Понжперховский. Сс… да он должен был бы радоваться, что ему дворянка служит!
Гнусова. Тоже и я говорю… насилу уж его Аксинья Ивановна уняла!
Понжперховский. Д-да-с… так вот видите: стало быть, Аксинья-то Ивановна добрая!
Гнусова. И, сударь, не говорите! тоже озорница выросла!
Понжперховский. Это можно изменить-с… Будет не только шелковая, а даже бархатная; на это манера есть-с… А вы исполнили порученьице-то, моя почтенная?
Гнусова. Говорила, сударь… только она все чтой-то мнется… сначала было подалась, а потом и опять на попятную.
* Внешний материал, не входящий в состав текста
lemma pdpow_eq_affine:
  assumes herm: "adj P = P" and det: "det P = 1" and tr: "trace P = of_real (l + 1 / l)"
    and l: "0 < l"
  shows "pdpow P h = csmult (of_real (pow_slope l h)) P + csmult (of_real (pow_offset l h)) (mat 1)"
    (is "_ = ?Q")
proof -
  obtain V x y where V: "unitary2 V" "P = V ** diag2 x y ** adj V"
    using hermitian2_diagonalizable[OF herm] by blast
  then have "0 < x" "0 < y"
    using unitary_conj_diag2_eigenvalues[OF V det tr l] l by auto
  with V have "unitary2 V \<and> 0 < x \<and> 0 < y \<and> P = V ** diag2 x y ** adj V \<and>
      ?Q = V ** diag2 (x powr h) (y powr h) ** adj V"
    using unitary_conj_diag2_powr[OF V det tr l, symmetric] by (intro conjI)
  then show ?thesis
    unfolding pdpow_def
  proof (intro the_equality exI)
    fix Q
    assume "\<exists>V l1 l2. unitary2 V \<and> 0 < l1 \<and> 0 < l2 \<and> P = V ** diag2 l1 l2 ** adj V \<and>
        Q = V ** diag2 (l1 powr h) (l2 powr h) ** adj V"
    then obtain W x' y' where W: "unitary2 W" "P = W ** diag2 x' y' ** adj W"
      and Q: "Q = W ** diag2 (x' powr h) (y' powr h) ** adj W"
      by blast
    show "Q = ?Q"
      unfolding Q by (rule unitary_conj_diag2_powr[OF W det tr l])
  qed
qed

text \<open>The larger eigenvalue of \<open>polar_pos M\<close> as a function of \<open>s = frob_sq M\<close>.\<close>

definition polar_eig :: "real \<Rightarrow> real" where
  "polar_eig s = (sqrt (s + 2) + sqrt (s - 2)) / 2"

lemma polar_eig_ge_1_add_inverse:
  assumes "2 \<le> s"
  shows "1 \<le> polar_eig s" and "polar_eig s + 1 / polar_eig s = sqrt (s + 2)"
proof -
  define u v where "u = sqrt (s + 2)" and "v = sqrt (s - 2)"
  have u: "2 \<le> u" and v: "0 \<le> v"
    using real_le_rsqrt[of 2 "s + 2"] assms by (simp_all add: u_def v_def)
  have l: "polar_eig s = (u + v) / 2"
    by (simp add: polar_eig_def u_def v_def)
  show "1 \<le> polar_eig s"
    using u v by (simp add: l)
  have "(u + v) * (u - v) = u * u - v * v"
    by (simp add: algebra_simps)
  also have "\<dots> = 4"
    using assms by (simp add: u_def v_def)
  finally have inv: "1 / polar_eig s = (u - v) / 2"
    using u v by (simp add: l field_simps)
  have "polar_eig s + 1 / polar_eig s = (u + v) / 2 + (u - v) / 2"
    unfolding inv by (simp only: l)
  then show "polar_eig s + 1 / polar_eig s = sqrt (s + 2)"
    by (simp add: u_def field_simps)
qed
Понжперховский. Да что же такое-с?
Гнусова. Да говорит, что ты больно по гостям шататься любишь, а я, говорит, желаю, чтоб муж у меня бессменно при мне сидел…
Понжперховский. Ну, скажите пожалуйста! Ведь вот жадность какая! Да вы бы внушили ей, моя почтеннейшая, что и без того ей уж по́д тридцать!
Гнусова. Говорила я, так она все свое: папаша, говорит, коли захочет, так для браку и из Петербурга генералы приедут!
Понжперховский. Д-да… а как хотите, это ведь правда, что дрянная-то кровь, как ты там ее ни перегоняй сквозь куб, а все скажется… Мне не ее-с, а вот приложений-то жалко!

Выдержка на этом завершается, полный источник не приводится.